Source data:
(* Let $\mathcal{A}$ be a central S-ring over a finite group $G$ with $n=|G|$. Then the sets $\mathrm{tr}(X)$, $X\in\mathcal{S}(\mathcal{A})$, form a partition of $G$, and $\mathrm{tr}(\mathcal{A})=\mathrm{Span}_{\mathbb{Z}}\{\underline{\mathrm{tr}(X)}: X\in\mathcal{S}(\mathcal{A})\}$ is a central S-ring over $G$ contained in $\mathcal{A}$; it consists exactly of the elements of $\mathcal{A}$ fixed by all the linear maps $\underline{X}\mapsto\underline{X^{(m)}}$ ($X\in\mathcal{S}(\mathcal{A})$), $m$ coprime to $n$.
   Context: For a finite group $G$ with identity $e$ and $X\subseteq G$, write $\underline{X}=\sum_{x\in X}x\in\mathbb{Z}G$. A subring $\mathcal{A}$ of $\mathbb{Z}G$ is an S-ring over $G$ if there is a partition $\mathcal{S}(\mathcal{A})$ of $G$ (basic sets) such that $\{e\}\in\mathcal{S}(\mathcal{A})$, $X\in\mathcal{S}(\mathcal{A})\Rightarrow X^{-1}\in\mathcal{S}(\mathcal{A})$, and $\mathcal{A}$ is the $\mathbb{Z}$-span of $\{\underline{X}: X\in\mathcal{S}(\mathcal{A})\}$. $\mathcal{A}$ is central if $\mathcal{A}\subseteq\mathcal{Z}(\mathbb{Z}G)$. For an integer $m$, $X^{(m)}=\{x^m:x\in X\}$. The trace of $X\subseteq G$ is $\mathrm{tr}(X)=\bigcup_{m:\ \gcd(m,|G|)=1}X^{(m)}$. *)

theory Defs
  imports "HOL-Algebra.Group"
begin

text \<open>Elements of the group ring ZG: integer-valued functions on carrier G (zero outside).\<close>
definition ZG :: "('a, 'b) monoid_scheme \<Rightarrow> ('a \<Rightarrow> int) set" where
  "ZG G = {f. \<forall>x. x \<notin> carrier G \<longrightarrow> f x = 0}"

Task to complete:
All entries must be printed exactly, with nothing omitted.

Result for this task:
(* Let $\mathcal{A}$ be a central S-ring over a finite group $G$ with $n=|G|$. Then the sets $\mathrm{tr}(X)$, $X\in\mathcal{S}(\mathcal{A})$, form a partition of $G$, and $\mathrm{tr}(\mathcal{A})=\mathrm{Span}_{\mathbb{Z}}\{\underline{\mathrm{tr}(X)}: X\in\mathcal{S}(\mathcal{A})\}$ is a central S-ring over $G$ contained in $\mathcal{A}$; it consists exactly of the elements of $\mathcal{A}$ fixed by all the linear maps $\underline{X}\mapsto\underline{X^{(m)}}$ ($X\in\mathcal{S}(\mathcal{A})$), $m$ coprime to $n$.
   Context: For a finite group $G$ with identity $e$ and $X\subseteq G$, write $\underline{X}=\sum_{x\in X}x\in\mathbb{Z}G$. A subring $\mathcal{A}$ of $\mathbb{Z}G$ is an S-ring over $G$ if there is a partition $\mathcal{S}(\mathcal{A})$ of $G$ (basic sets) such that $\{e\}\in\mathcal{S}(\mathcal{A})$, $X\in\mathcal{S}(\mathcal{A})\Rightarrow X^{-1}\in\mathcal{S}(\mathcal{A})$, and $\mathcal{A}$ is the $\mathbb{Z}$-span of $\{\underline{X}: X\in\mathcal{S}(\mathcal{A})\}$. $\mathcal{A}$ is central if $\mathcal{A}\subseteq\mathcal{Z}(\mathbb{Z}G)$. For an integer $m$, $X^{(m)}=\{x^m:x\in X\}$. The trace of $X\subseteq G$ is $\mathrm{tr}(X)=\bigcup_{m:\ \gcd(m,|G|)=1}X^{(m)}$. *)

theory Defs
  imports "HOL-Algebra.Group"
begin

text \<open>Elements of the group ring ZG: integer-valued functions on carrier G (zero outside).\<close>
definition ZG :: "('a, 'b) monoid_scheme \<Rightarrow> ('a \<Rightarrow> int) set" where
  "ZG G = {f. \<forall>x. x \<notin> carrier G \<longrightarrow> f x = 0}"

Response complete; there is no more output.